UnlikelyAmazonian · 12/05/2011 20:44

"what a lot of silliness, bitchery and pseudo-legal claptrap."

welcome to the old bailey/any court in the land.

TheFlyingOnion · 12/05/2011 20:51
Biscuit
UnlikelyAmazonian · 12/05/2011 20:57

Provincial, have ever read any of the threads in relationships?
(I know you have)

I am sure someone will come along soon and explain.

Nannies really are the lowest of the low are they not? with their bloody nuisance pregnancies.

They don't know how bloody lucky they are, do they, to have a decent employer.

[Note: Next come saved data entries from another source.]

lemma nat_trans_arr [simp]: "nat_trans C F G \<alpha> \<Longrightarrow> x \<in> c_obj C \<Longrightarrow> \<alpha> x \<in> c_arr C"
  and nat_trans_dom [simp]: "nat_trans C F G \<alpha> \<Longrightarrow> x \<in> c_obj C \<Longrightarrow> c_dom C (\<alpha> x) = fo F x"
  and nat_trans_cod [simp]: "nat_trans C F G \<alpha> \<Longrightarrow> x \<in> c_obj C \<Longrightarrow> c_cod C (\<alpha> x) = fo G x"
  and nat_trans_naturality:
    "nat_trans C F G \<alpha> \<Longrightarrow> f \<in> c_arr C
     \<Longrightarrow> c_comp C (\<alpha> (c_cod C f)) (fa F f) = c_comp C (fa G f) (\<alpha> (c_dom C f))"
  unfolding nat_trans_def by blast+

lemmas nat_trans_component = nat_trans_arr nat_trans_dom nat_trans_cod

lemma (in is_category) endofunctor_Id_fun: "endofunctor C Id_fun"
  by (simp add: endofunctor_def)

lemma (in is_category) nat_trans_vcomp:
  assumes \<alpha>: "nat_trans C F G \<alpha>" and \<beta>: "nat_trans C G H \<beta>"
    and F: "endofunctor C F" and G: "endofunctor C G" and H: "endofunctor C H"
  shows "nat_trans C F H (\<lambda>x. c_comp C (\<beta> x) (\<alpha> x))"
  unfolding nat_trans_def
proof (intro conjI ballI)
  fix f assume f: "f \<in> c_arr C"
  have "c_comp C (c_comp C (\<beta> (c_cod C f)) (\<alpha> (c_cod C f))) (fa F f)
      = c_comp C (\<beta> (c_cod C f)) (c_comp C (fa G f) (\<alpha> (c_dom C f)))"
    using f \<alpha> \<beta> F G by (simp add: comp_assoc[symmetric] nat_trans_naturality)
  also have "\<dots> = c_comp C (fa H f) (c_comp C (\<beta> (c_dom C f)) (\<alpha> (c_dom C f)))"
    using f \<alpha> \<beta> G H by (simp add: comp_assoc nat_trans_naturality)
  finally show "c_comp C (c_comp C (\<beta> (c_cod C f)) (\<alpha> (c_cod C f))) (fa F f)
      = c_comp C (fa H f) (c_comp C (\<beta> (c_dom C f)) (\<alpha> (c_dom C f)))" .
qed (use \<alpha> \<beta> in simp_all)

definition pm_gen_unit ::
    "('co,'ca) cat \<Rightarrow> ('io,'ia) cat \<Rightarrow> ('io,'ia,'co,'ca) pmonad \<Rightarrow> 'ia \<Rightarrow> 'co \<Rightarrow> 'ca" where
  "pm_gen_unit C I P u x = c_comp C (pm_arr P (c_id I (c_dom I u)) u x) (pm_eta P (c_dom I u) x)"

locale parameterised_monad =
  C: is_category C + I: is_category I
  for C :: "('co,'ca) cat" and I :: "('io,'ia) cat" +
  fixes P :: "('io,'ia,'co,'ca) pmonad"
  assumes param_monad: "param_monad C I P"
begin

abbreviation comp_C (infixr "\<cdot>" 55) where "g \<cdot> f \<equiv> c_comp C g f"

lemma endofunctor_P: "i \<in> c_obj I \<Longrightarrow> j \<in> c_obj I \<Longrightarrow> endofunctor C (pm_obj P i j)"
  and nat_trans_arr_P: "u \<in> c_arr I \<Longrightarrow> v \<in> c_arr I \<Longrightarrow>
    nat_trans C (pm_obj P (c_cod I u) (c_dom I v)) (pm_obj P (c_dom I u) (c_cod I v)) (pm_arr P u v)"
  and arr_id: "i \<in> c_obj I \<Longrightarrow> j \<in> c_obj I \<Longrightarrow> x \<in> c_obj C \<Longrightarrow>
    pm_arr P (c_id I i) (c_id I j) x = c_id C (fo (pm_obj P i j) x)"
  and arr_comp: "\<lbrakk>u \<in> c_arr I; u' \<in> c_arr I; v \<in> c_arr I; v' \<in> c_arr I; x \<in> c_obj C;
      c_cod I u' = c_dom I u; c_cod I v = c_dom I v'\<rbrakk> \<Longrightarrow>
    pm_arr P (c_comp I u u') (c_comp I v' v) x = pm_arr P u' v' x \<cdot> pm_arr P u v x"
  and nat_trans_eta: "i \<in> c_obj I \<Longrightarrow> nat_trans C Id_fun (pm_obj P i i) (pm_eta P i)"
  and nat_trans_mu: "i \<in> c_obj I \<Longrightarrow> j \<in> c_obj I \<Longrightarrow> k \<in> c_obj I \<Longrightarrow>
    nat_trans C (fcomp (pm_obj P i j) (pm_obj P j k)) (pm_obj P i k) (pm_mu P i j k)"
  and unit_left: "i \<in> c_obj I \<Longrightarrow> j \<in> c_obj I \<Longrightarrow> x \<in> c_obj C \<Longrightarrow>
    pm_mu P i i j x \<cdot> pm_eta P i (fo (pm_obj P i j) x) = c_id C (fo (pm_obj P i j) x)"
  and unit_right: "i \<in> c_obj I \<Longrightarrow> j \<in> c_obj I \<Longrightarrow> x \<in> c_obj C \<Longrightarrow>
    pm_mu P i j j x \<cdot> fa (pm_obj P i j) (pm_eta P j x) = c_id C (fo (pm_obj P i j) x)"
  and mu_assoc: "\<lbrakk>i \<in> c_obj I; j \<in> c_obj I; k \<in> c_obj I; l \<in> c_obj I; x \<in> c_obj C\<rbrakk> \<Longrightarrow>
    pm_mu P i k l x \<cdot> pm_mu P i j k (fo (pm_obj P k l) x) =
    pm_mu P i j l x \<cdot> fa (pm_obj P i j) (pm_mu P j k l x)"
  and eta_dinatural: "f \<in> c_arr I \<Longrightarrow> x \<in> c_obj C \<Longrightarrow>
    pm_arr P (c_id I (c_dom I f)) f x \<cdot> pm_eta P (c_dom I f) x =
    pm_arr P f (c_id I (c_cod I f)) x \<cdot> pm_eta P (c_cod I f) x"
  and mu_natural_left: "\<lbrakk>u \<in> c_arr I; j \<in> c_obj I; k \<in> c_obj I; x \<in> c_obj C\<rbrakk> \<Longrightarrow>
    pm_arr P u (c_id I k) x \<cdot> pm_mu P (c_cod I u) j k x =
    pm_mu P (c_dom I u) j k x \<cdot> pm_arr P u (c_id I j) (fo (pm_obj P j k) x)"
  and mu_natural_right: "\<lbrakk>i \<in> c_obj I; j \<in> c_obj I; w \<in> c_arr I; x \<in> c_obj C\<rbrakk> \<Longrightarrow>
    pm_arr P (c_id I i) w x \<cdot> pm_mu P i j (c_dom I w) x =
    pm_mu P i j (c_cod I w) x \<cdot> fa (pm_obj P i j) (pm_arr P (c_id I j) w x)"
  using param_monad unfolding param_monad_def by (simp_all only: Ball_def)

UnlikelyAmazonian · 12/05/2011 21:01

Ventipepper might be at a cocktail bar?

She aint swilling out the potty that's for sure.

MusieB · 12/05/2011 21:06

I don't think OP needs to worry about unfair/wrongful dismissal etc, the nanny resigned (OP make sure you keep the text) - therefore there is no dismissal unless the nanny can make a case for constructive dismissal (ie the OP had had behaved so badly that it would have been unreasonable to expect her to carry on working).

OP: as many have said, not worth the expense, stress and hassle of pursuing £40 and somewhat inhumane to do so.

TheFlyingOnion · 12/05/2011 21:07

I am imagine she's gone to do something more exciting than get abused by a bunch of opinionated harridans with nothing better to do on a Thursday night.